* **TASK PROMPT**: Copy all lines below that use the word "forall".

* **EXERCISE INPUTS**:
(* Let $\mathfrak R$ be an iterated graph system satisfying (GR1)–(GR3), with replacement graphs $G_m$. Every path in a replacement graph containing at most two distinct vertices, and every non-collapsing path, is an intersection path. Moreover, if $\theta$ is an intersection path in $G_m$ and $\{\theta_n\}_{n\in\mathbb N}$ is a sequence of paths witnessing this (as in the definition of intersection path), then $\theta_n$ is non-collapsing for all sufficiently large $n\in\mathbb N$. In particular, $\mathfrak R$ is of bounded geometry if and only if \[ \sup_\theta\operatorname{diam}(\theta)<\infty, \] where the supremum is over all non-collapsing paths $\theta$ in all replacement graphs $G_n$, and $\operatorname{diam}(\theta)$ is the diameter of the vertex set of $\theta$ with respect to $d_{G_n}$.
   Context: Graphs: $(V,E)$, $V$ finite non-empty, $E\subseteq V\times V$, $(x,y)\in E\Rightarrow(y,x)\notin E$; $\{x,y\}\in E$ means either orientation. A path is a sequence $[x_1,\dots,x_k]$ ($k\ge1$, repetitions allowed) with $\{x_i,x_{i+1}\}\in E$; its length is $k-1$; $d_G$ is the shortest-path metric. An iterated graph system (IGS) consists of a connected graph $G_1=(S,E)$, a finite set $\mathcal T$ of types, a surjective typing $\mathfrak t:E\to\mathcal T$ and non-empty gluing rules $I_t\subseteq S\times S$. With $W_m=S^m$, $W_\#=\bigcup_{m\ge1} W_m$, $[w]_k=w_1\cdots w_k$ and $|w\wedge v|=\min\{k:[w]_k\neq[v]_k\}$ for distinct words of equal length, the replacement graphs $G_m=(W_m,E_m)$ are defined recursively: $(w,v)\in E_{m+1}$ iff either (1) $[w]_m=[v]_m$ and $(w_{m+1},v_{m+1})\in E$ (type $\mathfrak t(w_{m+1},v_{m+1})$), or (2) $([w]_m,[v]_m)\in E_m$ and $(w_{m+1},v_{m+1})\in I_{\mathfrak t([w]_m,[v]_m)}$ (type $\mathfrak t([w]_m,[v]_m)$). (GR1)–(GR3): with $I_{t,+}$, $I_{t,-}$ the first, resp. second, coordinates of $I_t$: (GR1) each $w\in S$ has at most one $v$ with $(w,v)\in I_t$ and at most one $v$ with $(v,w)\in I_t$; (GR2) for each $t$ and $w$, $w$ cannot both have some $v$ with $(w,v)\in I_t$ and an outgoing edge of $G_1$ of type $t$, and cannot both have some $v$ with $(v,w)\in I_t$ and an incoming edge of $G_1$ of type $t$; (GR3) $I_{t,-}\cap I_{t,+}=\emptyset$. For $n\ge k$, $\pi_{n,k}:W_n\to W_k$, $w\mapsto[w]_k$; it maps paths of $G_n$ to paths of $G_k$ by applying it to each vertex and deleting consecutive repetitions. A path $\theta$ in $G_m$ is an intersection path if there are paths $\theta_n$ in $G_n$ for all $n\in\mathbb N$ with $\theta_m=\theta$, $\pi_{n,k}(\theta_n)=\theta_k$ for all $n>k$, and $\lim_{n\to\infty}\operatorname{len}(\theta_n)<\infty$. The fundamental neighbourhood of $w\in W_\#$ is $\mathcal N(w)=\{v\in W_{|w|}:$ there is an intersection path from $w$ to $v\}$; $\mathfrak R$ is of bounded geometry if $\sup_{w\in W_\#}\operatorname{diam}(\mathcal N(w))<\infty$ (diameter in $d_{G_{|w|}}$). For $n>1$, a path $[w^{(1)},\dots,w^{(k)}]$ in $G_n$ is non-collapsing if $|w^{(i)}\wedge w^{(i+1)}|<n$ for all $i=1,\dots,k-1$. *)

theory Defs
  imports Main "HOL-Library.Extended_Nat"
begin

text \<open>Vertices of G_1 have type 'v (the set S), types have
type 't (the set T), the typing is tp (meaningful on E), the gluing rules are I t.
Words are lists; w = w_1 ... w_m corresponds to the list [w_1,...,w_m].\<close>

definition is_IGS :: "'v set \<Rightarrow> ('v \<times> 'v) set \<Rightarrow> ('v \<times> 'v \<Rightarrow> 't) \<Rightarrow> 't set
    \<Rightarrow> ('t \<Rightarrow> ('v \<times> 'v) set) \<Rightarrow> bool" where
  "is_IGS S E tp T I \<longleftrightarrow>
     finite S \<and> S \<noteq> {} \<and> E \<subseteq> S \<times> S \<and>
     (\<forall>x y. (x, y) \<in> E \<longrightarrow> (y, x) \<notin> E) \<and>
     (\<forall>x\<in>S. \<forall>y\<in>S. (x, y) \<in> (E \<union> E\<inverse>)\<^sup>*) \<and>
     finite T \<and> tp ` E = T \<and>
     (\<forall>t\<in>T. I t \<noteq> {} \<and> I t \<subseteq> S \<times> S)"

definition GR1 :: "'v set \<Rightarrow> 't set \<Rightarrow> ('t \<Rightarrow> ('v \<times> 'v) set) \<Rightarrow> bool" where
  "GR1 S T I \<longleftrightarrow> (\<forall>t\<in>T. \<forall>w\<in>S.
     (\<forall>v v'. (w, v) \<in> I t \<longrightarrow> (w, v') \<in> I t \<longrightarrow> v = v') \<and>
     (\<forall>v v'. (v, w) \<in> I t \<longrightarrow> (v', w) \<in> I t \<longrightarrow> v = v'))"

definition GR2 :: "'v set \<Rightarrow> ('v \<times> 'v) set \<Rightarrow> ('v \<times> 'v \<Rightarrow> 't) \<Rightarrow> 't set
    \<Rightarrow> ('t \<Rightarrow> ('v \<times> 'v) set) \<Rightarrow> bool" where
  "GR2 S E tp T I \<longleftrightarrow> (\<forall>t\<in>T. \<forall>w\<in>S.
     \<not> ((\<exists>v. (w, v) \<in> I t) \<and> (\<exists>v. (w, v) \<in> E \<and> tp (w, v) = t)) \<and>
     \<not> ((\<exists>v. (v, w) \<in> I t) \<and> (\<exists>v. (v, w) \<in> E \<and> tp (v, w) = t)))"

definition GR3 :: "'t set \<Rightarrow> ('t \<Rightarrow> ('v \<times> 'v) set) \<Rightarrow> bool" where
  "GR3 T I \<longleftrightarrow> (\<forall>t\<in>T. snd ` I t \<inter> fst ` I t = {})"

* **YOUR SOLUTION**:
     (\<forall>x y. (x, y) \<in> E \<longrightarrow> (y, x) \<notin> E) \<and>
     (\<forall>x\<in>S. \<forall>y\<in>S. (x, y) \<in> (E \<union> E\<inverse>)\<^sup>*) \<and>
     (\<forall>t\<in>T. I t \<noteq> {} \<and> I t \<subseteq> S \<times> S)"
  "GR1 S T I \<longleftrightarrow> (\<forall>t\<in>T. \<forall>w\<in>S.
     (\<forall>v v'. (w, v) \<in> I t \<longrightarrow> (w, v') \<in> I t \<longrightarrow> v = v') \<and>
     (\<forall>v v'. (v, w) \<in> I t \<longrightarrow> (v', w) \<in> I t \<longrightarrow> v = v'))"
  "GR2 S E tp T I \<longleftrightarrow> (\<forall>t\<in>T. \<forall>w\<in>S.
  "GR3 T I \<longleftrightarrow> (\<forall>t\<in>T. snd ` I t \<inter> fst ` I t = {})"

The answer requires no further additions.